#### [Entries provided]
(* Let $\ell,m,n$ be positive integers with $\ell<n$, $m<n$, $\gcd(m,n)=1$, and let $d\in\{1,\dots,n-1\}$ be the multiplicative inverse of $m$ modulo $n$. If $\ell\ne1$ then $$\mathcal{F}[\ell,m,n]^{\overline{(\ell-1)d}}=\mathcal{F}[\ell-1,m,n],\qquad \mathcal{F}[\ell,m,n]^{\overline{0}}=\mathcal{F}[\ell-1,m,n]^{(-d)},$$ and if $\ell\ne n-1$ then $$\mathcal{F}[\ell,m,n]^{\overline{\ell d}}=\mathcal{F}[\ell+1,m,n],\qquad \mathcal{F}[\ell,m,n]^{\overline{-d}}=\mathcal{F}[\ell+1,m,n]^{(d)}.$$
   Context: For positive integers $\ell<n$, $m<n$ with $\gcd(m,n)=1$, $\mathcal{F}[\ell,m,n]:\mathbb{Z}\to\{L,R\}$ is defined by $\mathcal{F}[\ell,m,n]_i=L$ if $im\bmod n<\ell$ and $R$ if $im \bmod n\ge\ell$; it is periodic with period $n$. For a sequence $\mathcal{S}$ of period $n$ and $j\in\mathbb{Z}$: $\mathcal{S}^{(j)}$ is the $j$-th left shift, $\mathcal{S}^{(j)}_i=\mathcal{S}_{i+j}$; $\mathcal{S}^{\overline j}$ is the sequence that differs from $\mathcal{S}$ exactly at the indices $j+kn$, $k\in\mathbb{Z}$ (the symbol $L$ is swapped with $R$ there). Indices such as $-d$ and $(\ell-1)d$ are taken modulo $n$. *)

theory Defs
  imports Main
begin

datatype LR = L | R

fun swapLR :: "LR \<Rightarrow> LR" where
  "swapLR L = R" | "swapLR R = L"

definition Fseq :: "int \<Rightarrow> int \<Rightarrow> int \<Rightarrow> int \<Rightarrow> LR" where
  "Fseq l m n i = (if (i * m) mod n < l then L else R)"

definition lshift :: "(int \<Rightarrow> LR) \<Rightarrow> int \<Rightarrow> int \<Rightarrow> LR" where
  "lshift S j = (\<lambda>i. S (i + j))"

text \<open>S^{bar j} for a sequence of period n: swap L/R exactly at indices j + k n.\<close>
definition flipAt :: "int \<Rightarrow> (int \<Rightarrow> LR) \<Rightarrow> int \<Rightarrow> int \<Rightarrow> LR" where
  "flipAt n S j = (\<lambda>i. if i mod n = j mod n then swapLR (S i) else S i)"

end

theory Submission
  imports Defs
begin

text \<open>Write \<open>r i = (i * m) mod n\<close>, so that \<open>\<F>[l,m,n]\<^sub>i = L\<close> iff \<open>r i < l\<close>. Since \<open>d\<close> inverts \<open>m\<close>,
  \<open>i \<mapsto> r i\<close> is injective modulo \<open>n\<close>, \<open>r (l d) = l\<close> and \<open>r (i + d) = (r i + 1) mod n\<close>.
  Raising the threshold from \<open>l\<close> to \<open>l + 1\<close> changes the sequence exactly at the indices with
  \<open>r i = l\<close>, i.e. at the class of \<open>l d\<close>; a shift by \<open>d\<close> raises every residue by one, except that
  \<open>n - 1\<close> wraps around to \<open>0\<close>, which accounts for the single flip at \<open>-d\<close> (resp. \<open>0\<close>).\<close>

lemma mult_mod_inverse_cancel:
  fixes m d n k :: int
  assumes "(m * d) mod n = 1 mod n"
  shows "(k * d * m) mod n = k mod n"
  by (metis assms mod_mult_right_eq mult.assoc mult.commute mult.right_neutral)

lemma mod_eq_iff_mult_mod_eq:
  fixes m d n i j :: int
  assumes "(m * d) mod n = 1 mod n"
  shows "i mod n = j mod n \<longleftrightarrow> (i * m) mod n = (j * m) mod n"
proof
  assume "(i * m) mod n = (j * m) mod n"
  then have "(i * m * d) mod n = (j * m * d) mod n"
    by (metis mod_mult_left_eq)
  then show "i mod n = j mod n"
    using mult_mod_inverse_cancel[OF assms] by (metis mult.commute mult.left_commute)
qed (metis mod_mult_left_eq)

lemma add_inverse_mult_mod:
  fixes m d n i :: int
  assumes "(m * d) mod n = 1 mod n"
  shows "((i + d) * m) mod n = ((i * m) mod n + 1) mod n"
  by (metis assms distrib_right mod_add_eq mod_mod_trivial mult.commute)

lemma
  fixes l m n d :: int
  assumes "0 \<le> l" "l < n" "(m * d) mod n = 1 mod n"
  shows flipAt_Fseq_mult_inverse: "flipAt n (Fseq l m n) (l * d) = Fseq (l + 1) m n"
    and flipAt_Fseq_succ_mult_inverse: "flipAt n (Fseq (l + 1) m n) (l * d) = Fseq l m n"
proof -
  have "(l * d * m) mod n = l"
    using mult_mod_inverse_cancel[OF assms(3), of l] assms(1,2) by simp
  then have "i mod n = (l * d) mod n \<longleftrightarrow> (i * m) mod n = l" for i
    using mod_eq_iff_mult_mod_eq[OF assms(3), of i "l * d"] by simp
  then show "flipAt n (Fseq l m n) (l * d) = Fseq (l + 1) m n"
    and "flipAt n (Fseq (l + 1) m n) (l * d) = Fseq l m n"
    by (auto simp: flipAt_def Fseq_def)
qed

lemma add_inverse_mult_mod_cases:
  fixes m d n i :: int
  assumes "0 < n" "(m * d) mod n = 1 mod n"
  shows "((i + d) * m) mod n = (if (i * m) mod n = n - 1 then 0 else (i * m) mod n + 1)"
proof -
  have "0 \<le> (i * m) mod n" "(i * m) mod n < n"
    using assms(1) by simp_all
  then show ?thesis
    using add_inverse_mult_mod[OF assms(2), of i] by (auto intro: mod_pos_pos_trivial)
qed

lemma flipAt_Fseq_minus_inverse:
  fixes l m n d :: int
  assumes "0 \<le> l" "l < n" "(m * d) mod n = 1 mod n"
  shows "flipAt n (Fseq l m n) (- d) = lshift (Fseq (l + 1) m n) d"
proof
  fix i
  have "0 < n" using assms by simp
  have "((- d + d) * m) mod n = 0"
    by simp
  then have "((- d) * m) mod n = n - 1"
    using add_inverse_mult_mod_cases[OF \<open>0 < n\<close> assms(3), of "- d"] \<open>0 < n\<close>
    by (smt (verit) pos_mod_sign)
  then have "i mod n = (- d) mod n \<longleftrightarrow> (i * m) mod n = n - 1"
    using mod_eq_iff_mult_mod_eq[OF assms(3), of i "- d"] by simp
  then show "flipAt n (Fseq l m n) (- d) i = lshift (Fseq (l + 1) m n) d i"
    using add_inverse_mult_mod_cases[OF \<open>0 < n\<close> assms(3), of i] assms
    by (auto simp: flipAt_def lshift_def Fseq_def)
qed

lemma flipAt_Fseq_succ_zero:
  fixes l m n d :: int
  assumes "0 \<le> l" "l < n" "(m * d) mod n = 1 mod n"
  shows "flipAt n (Fseq (l + 1) m n) 0 = lshift (Fseq l m n) (- d)"
proof
  fix i
  have "0 < n" using assms by simp
  have "i mod n = 0 \<longleftrightarrow> (i * m) mod n = 0"
    using mod_eq_iff_mult_mod_eq[OF assms(3), of i 0] by simp
  then show "flipAt n (Fseq (l + 1) m n) 0 i = lshift (Fseq l m n) (- d) i"
    using add_inverse_mult_mod_cases[OF \<open>0 < n\<close> assms(3), of "i - d"] assms
      pos_mod_sign[OF \<open>0 < n\<close>, of "(i - d) * m"]
    by (auto simp: flipAt_def lshift_def Fseq_def split: if_splits; linarith)
qed

theorem proposition3p1:
  fixes l m n d :: int
  assumes "0 < l" "l < n" "0 < m" "m < n" "gcd m n = 1"
    and "1 \<le> d" "d \<le> n - 1" "(m * d) mod n = 1 mod n"
  shows "(l \<noteq> 1 \<longrightarrow>
            flipAt n (Fseq l m n) ((l - 1) * d) = Fseq (l - 1) m n \<and>
            flipAt n (Fseq l m n) 0 = lshift (Fseq (l - 1) m n) (- d)) \<and>
         (l \<noteq> n - 1 \<longrightarrow>
            flipAt n (Fseq l m n) (l * d) = Fseq (l + 1) m n \<and>
            flipAt n (Fseq l m n) (- d) = lshift (Fseq (l + 1) m n) d)"
proof -
  have "0 \<le> l - 1" "l - 1 < n"
    using assms(1,2) by simp_all
  then have "flipAt n (Fseq l m n) ((l - 1) * d) = Fseq (l - 1) m n"
    and "flipAt n (Fseq l m n) 0 = lshift (Fseq (l - 1) m n) (- d)"
    using flipAt_Fseq_succ_mult_inverse[of "l - 1" n m d] flipAt_Fseq_succ_zero[of "l - 1" n m d]
      assms(8)
    by simp_all
  moreover have "flipAt n (Fseq l m n) (l * d) = Fseq (l + 1) m n"
    and "flipAt n (Fseq l m n) (- d) = lshift (Fseq (l + 1) m n) d"
    using flipAt_Fseq_mult_inverse flipAt_Fseq_minus_inverse assms(1,2,8) by simp_all
  ultimately show ?thesis
    by simp
qed

end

#### [Activity]
In the entries above, find each line that includes the string "metis" and copy it.

#### [Expected answer]
  by (metis assms mod_mult_right_eq mult.assoc mult.commute mult.right_neutral)
    by (metis mod_mult_left_eq)
    using mult_mod_inverse_cancel[OF assms] by (metis mult.commute mult.left_commute)
qed (metis mod_mult_left_eq)
  by (metis assms distrib_right mod_add_eq mod_mod_trivial mult.commute)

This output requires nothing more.